-2

I have an array of string as below

["<table class=\"size-table _size-table\">\n<tr class=\"product-size _product-size disabled _disabled\" data-sku=\"3255138\" role=\"option\" aria-disabled=\"true\" aria-label=\"2\">\n<td class=\"size-name _size-name\">2",
 "\n<td class=\"subscribe\">",
 "\n</tr>\n<tr class=\"product-size _product-size disabled _disabled\" data-sku=\"3255136\" role=\"option\" aria-disabled=\"true\" aria-label=\"3\">\n<td class=\"size-name _size-name\">3",
 "\n<td class=\"subscribe\">",
 "\n</tr>\n<tr class=\"product-size _product-size disabled _disabled\" data-sku=\"3255137\" role=\"option\" aria-disabled=\"true\" aria-label=\"4\">\n<td class=\"size-name _size-name\">4",
 "\n<td class=\"subscribe\">",
 "\n</tr>\n<tr class=\"product-size _product-size disabled _disabled\" data-sku=\"3255135\" role=\"option\" aria-disabled=\"true\" aria-label=\"5\">\n<td class=\"size-name _size-name\">5",
 "\n<td class=\"subscribe\">",
 "\n</tr>\n<tr class=\"product-size _product-size disabled _disabled\" data-sku=\"3255134\" role=\"option\" aria-disabled=\"true\" aria-label=\"6\">\n<td class=\"size-name _size-name\">6",
 "\n<td class=\"subscribe\">",
 "\n</tr>\n<tr class=\"product-size _product-size disabled _disabled\" data-sku=\"3255133\" role=\"option\" aria-disabled=\"true\" aria-label=\"7\">\n<td class=\"size-name _size-name\">7",
 "\n<td class=\"subscribe\">",
 "\n</tr>\n<tr class=\"product-size _product-size disabled _disabled\" data-sku=\"3255132\" role=\"option\" aria-disabled=\"true\" aria-label=\"8\">\n<td class=\"size-name _size-name\">8",
 "\n<td class=\"subscribe\">",
 "\n</tr>\n<tr class=\"product-size _product-size disabled _disabled\" data-sku=\"3255131\" role=\"option\" aria-disabled=\"true\" aria-label=\"9\">\n<td class=\"size-name _size-name\">9",
 "\n<td class=\"subscribe\">",
 "\n</tr>\n</table>\n"]

I want the contents inside the aria-label. This will be numbers as present above or in some cases it could be some values like S,M,L,XL.

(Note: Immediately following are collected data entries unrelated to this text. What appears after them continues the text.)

(* Let $F$ be a random forest and $L$ a bi-stable labelling of its explanation BAG $\mathcal{B}_F$, and let $S_L=S_{1,j_1}\times\dots\times S_{k,j_k}$ where, for each feature $X_i$, $A_{X_i\in S_{i,j_i}}$ is the feature argument of $X_i$ labelled $\mathrm{in}$ by $L$. Then for every tree $T\in F$ and every rule $r\in T$, $L(A_{T,r})=\mathrm{in}$ if and only if $r$ is the active rule in $T$ for all inputs $x\in S_L$. Furthermore, all rule arguments $A_{T,r'}$ of $T$ other than the one labelled $\mathrm{in}$ are labelled $\mathrm{out}$.
   Context: Features $X_1,\dots,X_k$ have domains $D_1,\dots,D_k$; each feature is categorical (finite domain) or numerical ($D_i\subseteq\mathbb{R}$). Inputs are $x\in D_1\times\dots\times D_k$; $\mathcal{C}$ is a finite set of class labels. Feature conditions are $X_i=v$ (categorical) or $X_i\le v$ (numerical); a feature literal is a condition or its negation. A rule $r$ is $\mathrm{prem}(r)\rightarrow\mathrm{conc}(r)$ with $\mathrm{prem}(r)$ a finite set of feature literals and $\mathrm{conc}(r)\in\mathcal{C}$. A decision tree $T$ is a finite set of rules such that every input satisfies the premise of exactly one rule of $T$, the active rule in $T$ for $x$. A random forest $F$ is a finite set of decision trees. Domain partition: for a categorical feature, the singletons $\{v\}$, $v\in D_i$; for a numerical feature with distinct thresholds $v_1<\dots<v_m$ occurring in conditions $X_i\le v$ in $F$, the sets $D_i\cap(-\infty,v_1]$, $D_i\cap(v_{j-1},v_j]$ ($2\le j\le m$), $D_i\cap(v_m,\infty)$; denote them $S_{i,1},\dots,S_{i,n_i}$. A BAG is $(\mathcal{A},\mathrm{Att},\mathrm{Sup})$ with $\mathcal{A}$ finite and $\mathrm{Att},\mathrm{Sup}\subseteq\mathcal{A}\times\mathcal{A}$; $\mathrm{Att}(A)=\{B:(B,A)\in\mathrm{Att}\}$, $\mathrm{Sup}(A)=\{B:(B,A)\in\mathrm{Sup}\}$. A labelling is a map $L:\mathcal{A}\to\{\mathrm{in},\mathrm{out},\mathrm{und}\}$. The attackers of $A$ dominate its supporters if $|\{B\in\mathrm{Att}(A):L(B)=\mathrm{in}\}|>|\{B\in\mathrm{Sup}(A):L(B)\ne\mathrm{out}\}|$; the supporters dominate the attackers if $|\{B\in\mathrm{Sup}(A):L(B)=\mathrm{in}\}|>|\{B\in\mathrm{Att}(A):L(B)\ne\mathrm{out}\}|$. $L$ is bi-complete if for every $A$: $L(A)=\mathrm{in}$ iff ($L(B)=\mathrm{out}$ for all $B\in\mathrm{Att}(A)$ or $A$'s supporters dominate its attackers), and $L(A)=\mathrm{out}$ iff $A$'s attackers dominate its supporters. $L$ is bi-stable if it is bi-complete and labels nothing $\mathrm{und}$ (a bi-stable labelling of $\mathcal{B}_F$ labels exactly one feature argument of each feature $\mathrm{in}$). The explanation BAG $\mathcal{B}_F$ has arguments: a class argument $A_y$ for each $y\in\mathcal{C}$; a rule argument $A_{T,r}$ for each $T\in F$, $r\in T$ (the rule arguments of $T$); a feature argument $A_{X_i\in S_{i,j}}$ for each feature $i$ and partition set $S_{i,j}$. Attacks: between any two distinct feature arguments of the same feature; from $A_{X_i\in S_{i,j}}$ to $A_{T,r}$ whenever some literal in $\mathrm{prem}(r)$ is satisfied by no value in $S_{i,j}$; from $A_{T,r}$ to $A_y$ whenever $\mathrm{conc}(r)\ne y$. Supports: from $A_{T,r}$ to $A_y$ whenever $\mathrm{conc}(r)=y$. No other attacks or supports. *)

theory Defs
  imports Complex_Main
begin

text \<open>Feature values: categorical values (of an arbitrary type 'a) or real numbers.
  Features are indexed by 0..<k (the paper's X_1..X_k).\<close>
datatype 'a fval = Cat 'a | Num real

datatype 'a fcond = CEq nat 'a | CLe nat real

fun cond_feat :: "'a fcond \<Rightarrow> nat" where
  "cond_feat (CEq i _) = i"
| "cond_feat (CLe i _) = i"

fun cond_holds :: "'a fcond \<Rightarrow> 'a fval \<Rightarrow> bool" where
  "cond_holds (CEq _ a) v = (v = Cat a)"
| "cond_holds (CLe _ t) v = (\<exists>r. v = Num r \<and> r \<le> t)"

text \<open>A feature literal: a condition (polarity True) or its negation (polarity False).\<close>
type_synonym 'a lit = "bool \<times> 'a fcond"

definition lit_feat :: "'a lit \<Rightarrow> nat" where
  "lit_feat l = cond_feat (snd l)"

definition lit_holds :: "'a lit \<Rightarrow> 'a fval \<Rightarrow> bool" where
  "lit_holds l v = (if fst l then cond_holds (snd l) v else \<not> cond_holds (snd l) v)"

type_synonym ('a,'c) rule = "'a lit set \<times> 'c"
type_synonym ('a,'c) tree = "('a,'c) rule set"

definition prem :: "('a,'c) rule \<Rightarrow> 'a lit set" where "prem r = fst r"
definition conc :: "('a,'c) rule \<Rightarrow> 'c" where "conc r = snd r"

definition is_input :: "nat \<Rightarrow> (nat \<Rightarrow> 'a fval set) \<Rightarrow> (nat \<Rightarrow> 'a fval) \<Rightarrow> bool" where
  "is_input k D x \<longleftrightarrow> (\<forall>i<k. x i \<in> D i)"

definition sat_prem :: "('a,'c) rule \<Rightarrow> (nat \<Rightarrow> 'a fval) \<Rightarrow> bool" where
  "sat_prem r x \<longleftrightarrow> (\<forall>l\<in>prem r. lit_holds l (x (lit_feat l)))"

definition active_rule :: "('a,'c) tree \<Rightarrow> (nat \<Rightarrow> 'a fval) \<Rightarrow> ('a,'c) rule \<Rightarrow> bool" where
  "active_rule T x r \<longleftrightarrow> r \<in> T \<and> sat_prem r x"

definition feature_space :: "nat \<Rightarrow> (nat \<Rightarrow> bool) \<Rightarrow> (nat \<Rightarrow> 'a fval set) \<Rightarrow> bool" where
  "feature_space k num D \<longleftrightarrow> (\<forall>i<k. D i \<noteq> {} \<and>
      (num i \<longrightarrow> D i \<subseteq> range Num) \<and>
      (\<not> num i \<longrightarrow> finite (D i) \<and> D i \<subseteq> range Cat))"

definition cond_ok :: "nat \<Rightarrow> (nat \<Rightarrow> bool) \<Rightarrow> 'a fcond \<Rightarrow> bool" where
  "cond_ok k num c \<longleftrightarrow> cond_feat c < k \<and>
      (case c of CEq i _ \<Rightarrow> \<not> num i | CLe i _ \<Rightarrow> num i)"

definition is_rule :: "nat \<Rightarrow> (nat \<Rightarrow> bool) \<Rightarrow> 'c set \<Rightarrow> ('a,'c) rule \<Rightarrow> bool" where
  "is_rule k num C r \<longleftrightarrow> finite (prem r) \<and> conc r \<in> C \<and> (\<forall>l\<in>prem r. cond_ok k num (snd l))"

definition decision_tree ::
  "nat \<Rightarrow> (nat \<Rightarrow> bool) \<Rightarrow> (nat \<Rightarrow> 'a fval set) \<Rightarrow> 'c set \<Rightarrow> ('a,'c) tree \<Rightarrow> bool" where
  "decision_tree k num D C T \<longleftrightarrow> finite T \<and> (\<forall>r\<in>T. is_rule k num C r) \<and>
      (\<forall>x. is_input k D x \<longrightarrow> (\<exists>!r. r \<in> T \<and> sat_prem r x))"

definition random_forest ::
  "nat \<Rightarrow> (nat \<Rightarrow> bool) \<Rightarrow> (nat \<Rightarrow> 'a fval set) \<Rightarrow> 'c set \<Rightarrow> ('a,'c) tree set \<Rightarrow> bool" where
  "random_forest k num D C F \<longleftrightarrow> finite F \<and> (\<forall>T\<in>F. decision_tree k num D C T)"

definition thresholds :: "('a,'c) tree set \<Rightarrow> nat \<Rightarrow> real set" where
  "thresholds F i = {t. \<exists>T\<in>F. \<exists>r\<in>T. \<exists>p. (p, CLe i t) \<in> prem r}"

definition num_cells :: "(nat \<Rightarrow> 'a fval set) \<Rightarrow> ('a,'c) tree set \<Rightarrow> nat \<Rightarrow> 'a fval set set" where
  "num_cells D F i = (let vs = sorted_list_of_set (thresholds F i) in
     if vs = [] then {D i}
     else {D i \<inter> Num ` {..hd vs}}
        \<union> {D i \<inter> Num ` {vs ! (j - 1)<..vs ! j} | j. 1 \<le> j \<and> j < length vs}
        \<union> {D i \<inter> Num ` {last vs<..}})"

text \<open>The partition sets S_{i,j} of feature i (empty pieces are not blocks of a partition).\<close>
definition part_sets ::
  "(nat \<Rightarrow> bool) \<Rightarrow> (nat \<Rightarrow> 'a fval set) \<Rightarrow> ('a,'c) tree set \<Rightarrow> nat \<Rightarrow> 'a fval set set" where
  "part_sets num D F i =
     {S \<in> (if num i then num_cells D F i else {{v} | v. v \<in> D i}). S \<noteq> {}}"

So I am trying to each array element and select the content under aria-label by some sort of regular expressions in ruby. But I am not able to get it properly. Please help

tin tin
  • 362
  • 1
  • 7
  • 19
  • You shoudn't use regexps to parse html and [this is the reason why](https://stackoverflow.com/questions/1732348/regex-match-open-tags-except-xhtml-self-contained-tags/1732454#1732454). Use a html, xml library like [nokogiri](http://www.nokogiri.org/) instead – spickermann Jun 27 '16 at 11:34
  • @spickermann : Thanks for your suggestion and I agree with it. My main intention for posting this question is to understand how to use and work with regex and so in the title of the question I have specified as regular expression. Thanks :) – tin tin Jun 27 '16 at 11:55

1 Answers1

2

While there is an opinion that HTML should not be parsed with regexps, in this particular case it might be considered OK IMHO, since the input is more like strings, not like HTML.

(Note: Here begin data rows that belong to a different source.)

(* Let $(X,d)$ be a compact metric space and $f_{1,\infty}$ a commutative $m$-periodic sequence of continuous surjective self-maps of $X$. If $(X,f_{1,\infty})$ is weakly mixing, then it is totally transitive.
   Context: Commutative: $f_i\circ f_j=f_j\circ f_i$ for all $i,j$. $m$-periodic: $f_{n+m}=f_n$ for all $n$. Write $f_1^n=f_n\circ\cdots\circ f_1$ and $f_{1,\infty}^{[k]}=\{f_{k(n-1)+1}^k\}_{n\ge1}$ with $f_n^i=f_{n+i-1}\circ\cdots\circ f_n$. Weakly mixing: for all non-empty open $U_1,U_2,V_1,V_2$ there is $n$ with $f_1^n(U_i)\cap V_i\ne\emptyset$, $i=1,2$. Topologically transitive: for all non-empty open $U,V$ some $n$ with $f_1^n(U)\cap V\ne\emptyset$. Totally transitive: $(X,f_{1,\infty}^{[k]})$ is topologically transitive for every $k\ge1$. *)

theory Defs
  imports "HOL-Analysis.Analysis"
begin

text \<open>Non-autonomous systems: a sequence of maps f indexed from 1 (f 0 is ignored).
  comp_seg f i n = f (i+n-1) o ... o f i  (the identity for n = 0).\<close>

fun comp_seg :: "(nat \<Rightarrow> 'a \<Rightarrow> 'a) \<Rightarrow> nat \<Rightarrow> nat \<Rightarrow> 'a \<Rightarrow> 'a" where
  "comp_seg f i 0 = id"
| "comp_seg f i (Suc n) = f (i + n) \<circ> comp_seg f i n"

definition block_seq :: "nat \<Rightarrow> (nat \<Rightarrow> 'a \<Rightarrow> 'a) \<Rightarrow> nat \<Rightarrow> 'a \<Rightarrow> 'a" where
  "block_seq k f n = comp_seg f (k * (n - 1) + 1) k"

definition commutative_seq :: "'a set \<Rightarrow> (nat \<Rightarrow> 'a \<Rightarrow> 'a) \<Rightarrow> bool" where
  "commutative_seq X f \<longleftrightarrow> (\<forall>i\<ge>1. \<forall>j\<ge>1. \<forall>x\<in>X. f i (f j x) = f j (f i x))"

definition periodic_seq :: "nat \<Rightarrow> (nat \<Rightarrow> 'a \<Rightarrow> 'a) \<Rightarrow> bool" where
  "periodic_seq m f \<longleftrightarrow> m \<ge> 1 \<and> (\<forall>n\<ge>1. f (n + m) = f n)"

definition topologically_transitive :: "'a::topological_space set \<Rightarrow> (nat \<Rightarrow> 'a \<Rightarrow> 'a) \<Rightarrow> bool" where
  "topologically_transitive X f \<longleftrightarrow>
     (\<forall>U V. openin (top_of_set X) U \<longrightarrow> U \<noteq> {} \<longrightarrow> openin (top_of_set X) V \<longrightarrow> V \<noteq> {} \<longrightarrow>
        (\<exists>n\<ge>1. comp_seg f 1 n ` U \<inter> V \<noteq> {}))"

definition weakly_mixing :: "'a::topological_space set \<Rightarrow> (nat \<Rightarrow> 'a \<Rightarrow> 'a) \<Rightarrow> bool" where
  "weakly_mixing X f \<longleftrightarrow>
     (\<forall>U1 U2 V1 V2.
        openin (top_of_set X) U1 \<longrightarrow> U1 \<noteq> {} \<longrightarrow> openin (top_of_set X) U2 \<longrightarrow> U2 \<noteq> {} \<longrightarrow>
        openin (top_of_set X) V1 \<longrightarrow> V1 \<noteq> {} \<longrightarrow> openin (top_of_set X) V2 \<longrightarrow> V2 \<noteq> {} \<longrightarrow>
        (\<exists>n\<ge>1. comp_seg f 1 n ` U1 \<inter> V1 \<noteq> {} \<and> comp_seg f 1 n ` U2 \<inter> V2 \<noteq> {}))"

definition totally_transitive :: "'a::topological_space set \<Rightarrow> (nat \<Rightarrow> 'a \<Rightarrow> 'a) \<Rightarrow> bool" where
  "totally_transitive X f \<longleftrightarrow> (\<forall>k\<ge>1. topologically_transitive X (block_seq k f))"

end

theory Submission
  imports Defs
begin

text \<open>Write N(U,V) for the set of hitting times n \<ge> 1 with f_1^n(U) \<inter> V \<noteq> {}.
  Commutativity and weak mixing give Furstenberg's filter property: for any two pairs of
  nonempty open sets there is a third pair with N(U_3,V_3) \<subseteq> N(U_1,V_1) \<inter> N(U_2,V_2);
  the third pair is U_3 = U_1 \<inter> f_1^{-n}(U_2), V_3 = V_1 \<inter> f_1^{-n}(V_2) for a common
  hitting time n of (U_1,U_2) and (V_1,V_2). Iterating, the sets N(U, A_r) with
  A_r = (f_{r+1}^{M-r})^{-1}(V), r < M, which are nonempty by surjectivity, have a common
  element n = qM + r, and by M-periodicity f_{r+1}^{M-r} \<circ> f_1^n = f_1^{(q+1)M}. So multiples
  of any period hit V, and the block system of length k is transitive because k m is a period.\<close>

lemma comp_seg_add: "comp_seg f i (a + b) = comp_seg f (i + a) b \<circ> comp_seg f i a"
  by (induction b) (auto simp: add.assoc)

lemma periodic_mult:
  fixes f :: "nat \<Rightarrow> 'b"
  assumes "\<forall>n\<ge>1. f (n + M) = f n" "n \<ge> 1"
  shows "f (n + k * M) = f n"
proof (induction k)
  case (Suc k)
  have "f (n + Suc k * M) = f ((n + k * M) + M)" by (simp add: algebra_simps)
  also have "\<dots> = f (n + k * M)" using assms by simp
  finally show ?case using Suc by simp
qed simp

lemma comp_seg_shift_period:
  assumes "\<forall>n\<ge>1. f (n + M) = f n" "i \<ge> 1"
  shows "comp_seg f (i + M) n = comp_seg f i n"
proof (induction n)
  case (Suc n)
  have "f (i + M + n) = f (i + n)"
    using assms by (metis add.commute add.left_commute le_add1 order_trans)
  then show ?case using Suc by simp
qed simp

lemma comp_seg_complete_period:
  assumes per: "\<forall>n\<ge>1. f (n + M) = f n" and "r < M"
  shows "comp_seg f (r + 1) (M - r) \<circ> comp_seg f 1 (q * M + r) = comp_seg f 1 (Suc q * M)"
proof -
  have per_q: "\<forall>n\<ge>1. f (n + q * M) = f n" using periodic_mult[OF per] by blast
  have "comp_seg f (r + 1) (M - r) \<circ> comp_seg f 1 (q * M + r)
      = comp_seg f (r + 1) (M - r) \<circ> comp_seg f 1 r \<circ> comp_seg f 1 (q * M)"
    using comp_seg_add[of f 1 "q * M" r] comp_seg_shift_period[OF per_q, of 1 r]
    by (simp add: add.commute comp_assoc)
  also have "\<dots> = comp_seg f 1 M \<circ> comp_seg f 1 (q * M)"
    using comp_seg_add[of f 1 r "M - r"] \<open>r < M\<close> by (simp add: add.commute)
  also have "\<dots> = comp_seg f 1 (Suc q * M)"
    using comp_seg_add[of f 1 "q * M" M] comp_seg_shift_period[OF per_q, of 1 M]
    by (simp add: add.commute)
  finally show ?thesis .
qed

lemma comp_seg_block_seq: "comp_seg (block_seq k f) 1 n = comp_seg f 1 (k * n)"
proof (induction n)
  case (Suc n)
  have "comp_seg f 1 (k * n + k) = comp_seg f (1 + k * n) k \<circ> comp_seg f 1 (k * n)"
    by (rule comp_seg_add)
  then show ?case using Suc by (simp add: block_seq_def add.commute)
qed simp

lemma comp_seg_image_eq:
  assumes "\<And>n. n \<ge> 1 \<Longrightarrow> f n ` X = X" "i \<ge> 1"
  shows "comp_seg f i n ` X = X"
proof (induction n)
  case (Suc n)
  have "comp_seg f i (Suc n) ` X = f (i + n) ` (comp_seg f i n ` X)"
    by (simp only: comp_seg.simps image_comp)
  also have "\<dots> = X" using Suc assms(1)[of "i + n"] assms(2) by simp
  finally show ?case .
qed simp

lemma comp_seg_in:
  assumes "\<And>n. n \<ge> 1 \<Longrightarrow> f n ` X \<subseteq> X" "i \<ge> 1" "x \<in> X"
  shows "comp_seg f i n x \<in> X"
proof (induction n)
  case (Suc n)
  then show ?case using assms(1)[of "i + n"] assms(2) by auto
qed (simp add: assms(3))

lemma comp_seg_continuous_on:
  assumes "\<And>n. n \<ge> 1 \<Longrightarrow> continuous_on X (f n)" "\<And>n. n \<ge> 1 \<Longrightarrow> f n ` X \<subseteq> X" "i \<ge> 1"
  shows "continuous_on X (comp_seg f i n)"
proof (induction n)
  case (Suc n)
  have "comp_seg f i n ` X \<subseteq> X" using comp_seg_in[where f = f, OF assms(2,3)] by blast
  then have "continuous_on (comp_seg f i n ` X) (f (i + n))"
    using continuous_on_subset assms(1,3) le_add1 order_trans by metis
  then show ?case using continuous_on_compose[OF Suc] by simp
qed (simp add: continuous_on_id)

lemma comp_seg_commute:
  assumes comm: "commutative_seq X f" and into: "\<And>n. n \<ge> 1 \<Longrightarrow> f n ` X \<subseteq> X" and "x \<in> X"
  shows "comp_seg f 1 a (comp_seg f 1 b x) = comp_seg f 1 b (comp_seg f 1 a x)"
proof -
  have single: "f j (comp_seg f 1 n y) = comp_seg f 1 n (f j y)" if "j \<ge> 1" "y \<in> X" for j n y
  proof (induction n)
    case (Suc n)
    have "f j (f (1 + n) (comp_seg f 1 n y)) = f (1 + n) (f j (comp_seg f 1 n y))"
      using comm comp_seg_in[where f = f and i = 1, OF into _ \<open>y \<in> X\<close>] \<open>j \<ge> 1\<close>
      unfolding commutative_seq_def by simp
    then show ?case using Suc by simp
  qed simp
  show ?thesis
  proof (induction a)
    case (Suc a)
    have "comp_seg f 1 a x \<in> X" using comp_seg_in[where f = f and i = 1, OF into _ \<open>x \<in> X\<close>] by simp
    then show ?case using single[of "1 + a" "comp_seg f 1 a x" b] Suc by simp
  qed simp
qed

definition hitting_times :: "(nat \<Rightarrow> 'a \<Rightarrow> 'a) \<Rightarrow> 'a set \<Rightarrow> 'a set \<Rightarrow> nat set" where
  "hitting_times f U V = {n. n \<ge> 1 \<and> comp_seg f 1 n ` U \<inter> V \<noteq> {}}"

abbreviation nonempty_openin :: "'a::topological_space set \<Rightarrow> 'a set \<Rightarrow> bool" where
  "nonempty_openin X U \<equiv> openin (top_of_set X) U \<and> U \<noteq> {}"

context
  fixes X :: "'a::topological_space set" and f :: "nat \<Rightarrow> 'a \<Rightarrow> 'a"
  assumes cont: "\<And>n. n \<ge> 1 \<Longrightarrow> continuous_on X (f n)"
    and surj: "\<And>n. n \<ge> 1 \<Longrightarrow> f n ` X = X"
    and comm: "commutative_seq X f"
    and wm: "weakly_mixing X f"
begin

lemma openin_comp_seg_vimage:
  assumes "i \<ge> 1" "openin (top_of_set X) V"
  shows "openin (top_of_set X) (X \<inter> comp_seg f i n -` V)"
  using comp_seg_continuous_on[where f = f, OF cont equalityD1[OF surj] assms(1)]
    comp_seg_image_eq[where f = f, OF surj assms(1)] assms(2)
  by (intro continuous_openin_preimage) auto

lemma hitting_times_nonempty:
  assumes "nonempty_openin X U" "nonempty_openin X V"
  shows "hitting_times f U V \<noteq> {}"
  using wm[unfolded weakly_mixing_def, rule_format, of U U V V] assms
  unfolding hitting_times_def by auto

lemma hitting_times_Int:
  assumes "nonempty_openin X U1" "nonempty_openin X V1" "nonempty_openin X U2" "nonempty_openin X V2"
  obtains U3 V3 where "nonempty_openin X U3" "nonempty_openin X V3"
    "hitting_times f U3 V3 \<subseteq> hitting_times f U1 V1 \<inter> hitting_times f U2 V2"
proof -
  obtain n where n: "n \<ge> 1" "comp_seg f 1 n ` U1 \<inter> U2 \<noteq> {}" "comp_seg f 1 n ` V1 \<inter> V2 \<noteq> {}"
    using wm[unfolded weakly_mixing_def, rule_format, of U1 V1 U2 V2] assms by blast
  define U3 where "U3 = U1 \<inter> (X \<inter> comp_seg f 1 n -` U2)"
  define V3 where "V3 = V1 \<inter> (X \<inter> comp_seg f 1 n -` V2)"
  have sub: "U1 \<subseteq> X" "V1 \<subseteq> X" by (meson assms openin_imp_subset)+
  have "openin (top_of_set X) U3" "openin (top_of_set X) V3"
    unfolding U3_def V3_def using assms openin_comp_seg_vimage[of 1] by (simp_all add: openin_Int)
  moreover have "U3 \<noteq> {}" "V3 \<noteq> {}"
    unfolding U3_def V3_def using n(2,3) sub by blast+
  moreover have "hitting_times f U3 V3 \<subseteq> hitting_times f U1 V1 \<inter> hitting_times f U2 V2"
  proof
    fix p assume "p \<in> hitting_times f U3 V3"
    then obtain x where x: "p \<ge> 1" "x \<in> U3" "comp_seg f 1 p x \<in> V3"
      unfolding hitting_times_def by auto
    have "comp_seg f 1 n (comp_seg f 1 p x) \<in> V2" using x(3) unfolding V3_def by blast
    moreover have "x \<in> X" using x(2) sub unfolding U3_def by blast
    ultimately have "comp_seg f 1 p (comp_seg f 1 n x) \<in> V2"
      using comp_seg_commute[where f = f, OF comm equalityD1[OF surj], of x p n] by simp
    then show "p \<in> hitting_times f U1 V1 \<inter> hitting_times f U2 V2"
      using x unfolding hitting_times_def U3_def V3_def by blast
  qed
  ultimately show ?thesis using that by simp
qed

lemma hitting_times_INT:
  fixes M :: nat
  assumes U: "nonempty_openin X U" and A: "\<forall>r<M. nonempty_openin X (A r)"
  obtains U' V' where "nonempty_openin X U'" "nonempty_openin X V'"
    "hitting_times f U' V' \<subseteq> (\<Inter>r<M. hitting_times f U (A r))"
proof -
  have "\<exists>U' V'. nonempty_openin X U' \<and> nonempty_openin X V' \<and>
      hitting_times f U' V' \<subseteq> (\<Inter>r<M. hitting_times f U (A r))"
    using A
  proof (induction M)
    case 0
    show ?case using U by (intro exI[of _ U]) simp
  next
    case (Suc M)
    then obtain U3 V3 where UV3: "nonempty_openin X U3" "nonempty_openin X V3"
      "hitting_times f U3 V3 \<subseteq> (\<Inter>r<M. hitting_times f U (A r))"
      by (meson less_SucI)
    have "nonempty_openin X (A M)" using Suc.prems by simp
    then obtain U4 V4 where UV4: "nonempty_openin X U4" "nonempty_openin X V4"
      "hitting_times f U4 V4 \<subseteq> hitting_times f U3 V3 \<inter> hitting_times f U (A M)"
      by (rule hitting_times_Int[OF UV3(1,2) U])
    have "hitting_times f U4 V4 \<subseteq> (\<Inter>r<Suc M. hitting_times f U (A r))"
      using UV3(3) UV4(3) unfolding lessThan_Suc by blast
    then show ?case using UV4(1,2) by blast
  qed
  then show ?thesis using that by blast
qed

lemma hitting_times_period_multiple:
  assumes per: "M \<ge> 1" "\<forall>n\<ge>1. f (n + M) = f n"
    and UV: "nonempty_openin X U" "nonempty_openin X V"
  shows "\<exists>q\<ge>1. comp_seg f 1 (q * M) ` U \<inter> V \<noteq> {}"
proof -
  define A where "A r = X \<inter> comp_seg f (r + 1) (M - r) -` V" for r
  have VX: "V \<subseteq> X" using UV by (meson openin_imp_subset)
  have "\<forall>r<M. nonempty_openin X (A r)"
  proof (intro allI impI conjI)
    fix r
    show "openin (top_of_set X) (A r)" unfolding A_def using UV by (intro openin_comp_seg_vimage) simp_all
    obtain y where "y \<in> V" using UV by blast
    moreover have "comp_seg f (r + 1) (M - r) ` X = X"
      using comp_seg_image_eq[where f = f, OF surj] by simp
    ultimately obtain x where "x \<in> X" "comp_seg f (r + 1) (M - r) x \<in> V"
      using VX by (metis imageE in_mono)
    then show "A r \<noteq> {}" unfolding A_def by blast
  qed
  then obtain U' V' where UV': "nonempty_openin X U'" "nonempty_openin X V'"
    "hitting_times f U' V' \<subseteq> (\<Inter>r<M. hitting_times f U (A r))"
    by (rule hitting_times_INT[OF UV(1)])
  obtain n where "n \<in> hitting_times f U' V'" using hitting_times_nonempty[OF UV'(1,2)] by blast
  moreover have r: "n mod M < M" using per by simp
  ultimately obtain x where x: "x \<in> U" "comp_seg f 1 n x \<in> A (n mod M)"
    using UV'(3) unfolding hitting_times_def by blast
  have "comp_seg f (n mod M + 1) (M - n mod M) (comp_seg f 1 n x)
      = comp_seg f 1 (Suc (n div M) * M) x"
    using fun_cong[OF comp_seg_complete_period[OF per(2) r, of "n div M"], of x] by simp
  then have "comp_seg f 1 (Suc (n div M) * M) x \<in> V" using x(2) unfolding A_def by simp
  then show ?thesis using x(1) by (intro exI[of _ "Suc (n div M)"]) auto
qed

end

theorem mainTheorem13:
  fixes X :: "'a::metric_space set" and f :: "nat \<Rightarrow> 'a \<Rightarrow> 'a" and m :: nat
  assumes "compact X"
    and "\<And>n. n \<ge> 1 \<Longrightarrow> continuous_on X (f n)"
    and "\<And>n. n \<ge> 1 \<Longrightarrow> f n ` X = X"
    and "commutative_seq X f"
    and "periodic_seq m f"
    and "weakly_mixing X f"
  shows "totally_transitive X f"
  unfolding totally_transitive_def topologically_transitive_def
proof (intro allI impI)
  fix k :: nat and U V
  assume "k \<ge> 1" "openin (top_of_set X) U" "U \<noteq> {}" "openin (top_of_set X) V" "V \<noteq> {}"
  moreover have m: "m \<ge> 1" "\<forall>n\<ge>1. f (n + m) = f n"
    using assms(5) unfolding periodic_seq_def by auto
  moreover have "\<forall>n\<ge>1. f (n + k * m) = f n" using periodic_mult[OF m(2)] by blast
  ultimately obtain q where "q \<ge> 1" "comp_seg f 1 (q * (k * m)) ` U \<inter> V \<noteq> {}"
    using hitting_times_period_multiple[where X = X and f = f, OF assms(2,3,4,6), of "k * m" U V]
    by auto
  moreover have "comp_seg (block_seq k f) 1 (q * m) = comp_seg f 1 (q * (k * m))"
    unfolding comp_seg_block_seq by (simp add: mult.left_commute)
  moreover have "q * m \<ge> 1" using \<open>q \<ge> 1\<close> m(1) by simp
  ultimately show "\<exists>n\<ge>1. comp_seg (block_seq k f) 1 n ` U \<inter> V \<noteq> {}"
    by (intro exI[of _ "q * m"]) simp
qed

end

inp.map { |e| e[/(?<=aria-label=").+?(?=")/] }

#⇒ ["2", nil, "3", nil, "4", nil, "5", nil, "6", 
#     nil, "7", nil, "8", nil, "9", nil, nil]

to retrieve meaningful values only:

inp.map { |e| e[/(?<=aria-label=").+?(?=")/] }.compact
#⇒ ["2", "3", "4", "5", "6", "7", "8", "9"]
Aleksei Matiushkin
  • 119,336
  • 10
  • 100
  • 160